いずれにしても、乗り慣れるまではブレーキの感触に要注意である。
肝心要の走行可能距離については、バッテリーの状態が回復途上なので何とも言えない部分も多いのだが、例えば妻が買い物などで走るのはスーパーマーケットを3つ梯子する程度、距離にして最大で20kmほどなら全く問題は無い。
現在の状態では、走行距離が大体25kmを超えると、スロットルペダルを深く踏み込むと「ピーピーピー!」と激しくなり出す。
ある程度速度が乗っていれば、踏み込む量を減らしても速度が極端に落ちる事は無いので、少しスロットルペダルを戻して走る事が多い。そうすればモーターの「キーン」という音だけで済む。
走行距離が30kmを超えると、停車から発進する時の加速がかなり遅くなる。40km/hで走っていると頻繁に「ピーピーピー!」と鳴るし、一寸した坂でも速度がぐんぐん落ちてしまうので、走るのにはかなり気を遣うようになる。
この状態でスロットルペダルを深く踏むと、突然「ガクンッ」と停まってしまう事もある。
一旦停まってしまうと、メーターパネルの表示は全て消えて、全く動かなくなる。
こうなったら、一旦セレクターをNに入れてキーをオフにし、改めてキーをオンにしてメーターパネルが普通に表示されるのを待つ以外に方法が無い。
この時、キーをオンにすると「ピーピーピー!」となる場合が多い。これはバッテリーの残量がかなり少ないという事を知らせる為らしい。こうなったら速度はどうやっても出ないので、交通量の多い車道を走るのは不可能。全く動かなくなる状態に近づいているので注意が必要だ。
因みに、バッテリーが新品であれば、満充電で最低50km以上は走行できるらしい。
なお、バッテリーはシート下に収められていて、全てディープサイクル・バッテリーである。
制御用に1個、モーター駆動用に6個の合計7個のバッテリーを搭載している。全て鉛バッテリーなので、車重の大半をバッテリーが占めている事になる。
人によってはバッテリーをリチウムポリマー電池に交換して、走行性能を向上させている例もあるようだ。
以上、まとめて一言で言うなら「四輪の原付」と言う感じである。路面状況をダイレクトに伝えて来るし、ハンドルも自転車のような感覚なので、走るオモチャとしてはとても面白い。

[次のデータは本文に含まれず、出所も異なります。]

(* Let $m$ be a positive integer. If $\|m\alpha\|\ge\|q_{k-1}\alpha\|+\|q_k\alpha\|$ for some $k\ge1$, then $\mathrm{ab}_\alpha(m)<q_k$.
   Context: $\alpha\in(0,1)$ irrational, $\alpha=[0;a_1,a_2,\ldots]$ with positive integers $a_i$, $a_1\ge2$; $q_{-1}=0$, $q_0=1$, $q_1=a_1$, $q_k=a_kq_{k-1}+q_{k-2}$ ($k\ge2$). $\|x\|$ is the distance from $x$ to the nearest integer. Sturmian words of slope $\alpha$: with $R(\rho)=\{\rho+\alpha\}$ on $[0,1)$ and either $I_0=[0,1-\alpha)$ or $I_0=(0,1-\alpha]$ ($I_1$ its complement), $\mathbf{s}_{\rho,\alpha}$ has $n$-th letter $0$ iff $R^n(\rho)\in I_0$; they share a set $\mathcal{L}_\alpha$ of finite factors. An abelian power of period $m$ and exponent $e$ is a concatenation of $e$ pairwise abelian equivalent words (same numbers of $0$s and $1$s) of length $m$; $\mathrm{ab}_\alpha(m)$ is the maximum exponent of an abelian power of period $m$ in $\mathcal{L}_\alpha$ (it is known that $\mathrm{ab}_\alpha(m)=\lfloor 1/\|m\alpha\|\rfloor$). *)

theory Defs
  imports Complex_Main "HOL-Library.Multiset"
begin

text \<open>The partial quotients are a_k = floor(1/x_(k-1)) for k >= 1, so that
  alpha = [0; a_1, a_2, ...] for irrational alpha in (0,1).\<close>

fun cf_rem :: "real \<Rightarrow> nat \<Rightarrow> real" where
  "cf_rem \<alpha> 0 = \<alpha>"
| "cf_rem \<alpha> (Suc k) = frac (1 / cf_rem \<alpha> k)"

definition cf_a :: "real \<Rightarrow> nat \<Rightarrow> nat" where
  "cf_a \<alpha> k = nat \<lfloor>1 / cf_rem \<alpha> (k - 1)\<rfloor>"

text \<open>Denominators of convergents: q_0 = 1, q_1 = a_1, q_k = a_k q_(k-1) + q_(k-2).
  (q_(-1) = 0 is only used to get q_1 = a_1.)\<close>

fun cf_q :: "real \<Rightarrow> nat \<Rightarrow> nat" where
  "cf_q \<alpha> 0 = 1"
| "cf_q \<alpha> (Suc 0) = cf_a \<alpha> 1"
| "cf_q \<alpha> (Suc (Suc k)) = cf_a \<alpha> (Suc (Suc k)) * cf_q \<alpha> (Suc k) + cf_q \<alpha> k"

definition dist_int :: "real \<Rightarrow> real" where
  "dist_int x = \<bar>x - of_int (round x)\<bar>"

definition sturm_I0 :: "bool \<Rightarrow> real \<Rightarrow> real set" where
  "sturm_I0 b \<alpha> = (if b then {0..<1 - \<alpha>} else {0<..1 - \<alpha>})"

definition sturm_letter :: "bool \<Rightarrow> real \<Rightarrow> real \<Rightarrow> nat \<Rightarrow> nat" where
  "sturm_letter b \<rho> \<alpha> n = (if frac (\<rho> + real n * \<alpha>) \<in> sturm_I0 b \<alpha> then 0 else 1)"

definition sturm_factors :: "real \<Rightarrow> nat list set" where
  "sturm_factors \<alpha> = {w. \<exists>b \<rho> i. 0 \<le> \<rho> \<and> \<rho> < 1 \<and>
       w = map (sturm_letter b \<rho> \<alpha>) [i..<i + length w]}"

definition abelian_equiv :: "nat list \<Rightarrow> nat list \<Rightarrow> bool" where
  "abelian_equiv u v \<longleftrightarrow> mset u = mset v"

definition abelian_power :: "nat list \<Rightarrow> nat \<Rightarrow> nat \<Rightarrow> bool" where
  "abelian_power w m e \<longleftrightarrow> (\<exists>ws. length ws = e \<and> w = concat ws \<and>
       (\<forall>u\<in>set ws. length u = m) \<and> (\<forall>u\<in>set ws. \<forall>v\<in>set ws. abelian_equiv u v))"

definition ab :: "real \<Rightarrow> nat \<Rightarrow> nat" where
  "ab \<alpha> m = Sup {e. \<exists>w\<in>sturm_factors \<alpha>. abelian_power w m e}"

end

theory Submission
  imports Defs
begin

text \<open>A Sturmian word of slope \<alpha> is a mechanical word: its factor of length L starting at
  position i contains \<lfloor>\<rho> + (i + L)\<alpha>\<rfloor> - \<lfloor>\<rho> + i\<alpha>\<rfloor> letters 1 (or the same with ceilings), a
  number that differs from L\<alpha> by less than 1. In an abelian power of period m and exponent e
  all e blocks contain the same number c of ones, so |e c - e m\<alpha>| < 1 and hence
  e \<parallel>m\<alpha>\<parallel> < 1. On the other side, for \<alpha> < 1/2 the distance \<parallel>q_j \<alpha>\<parallel> equals the product
  \<theta>_j = x_0 x_1 ... x_j of the remainders of the Gauss map, and the determinant identity
  q_k \<theta>_(k-1) + q_(k-1) \<theta>_k = 1 together with q_(k-1) \<le> q_k gives q_k (\<theta>_(k-1) + \<theta>_k) \<ge> 1.
  Under the hypothesis this yields q_k \<parallel>m\<alpha>\<parallel> \<ge> 1 > e \<parallel>m\<alpha>\<parallel>, i.e. e < q_k.\<close>

(* Keeps cf_rem \<alpha> (Suc k) folded, so that the recurrence cf_rem_mult_cf_a_plus_cf_rem applies. *)
declare cf_rem.simps(2) [simp del]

実用車両として考えると、走行可能距離の少なさがどうしても鼻に付いてしまうのだけれど、半径5km以内の範囲で短時間走るのならガソリン車よりも軽快である。
円安のお陰でガソリンの価格は上がる一方だから、短距離で良いのなら電気代はガソリン代よりも遥かに抑えられるだろう。でも、なー・・・うーん・・・やっぱり「走るオモチャ」だなぁ。(笑)
この記事へのコメント
ぼんぼちぼちぼち
走るオモチャという感覚、すごく解りやす。
街なかを走ってると、あまりの珍しさに振り向かれたりしやせんか?
歳三君
きっと細かい事を考えずに作ってるのかも知れないですね。
Rifle
日本政府は古い法律を改正せず放置で、不思議な規制が一杯残ってます。
家族が学校の下校時間に走ると小学生達から一杯指さされるそうです。(笑)
歳三君さん
二系統の電流を制御するのがそんなに難しいとは思えないのですが、
トヨタ特有のコスト最優先設計でそうなってるんだと思います。
リニア制御なら安いMPUで済みますからねー。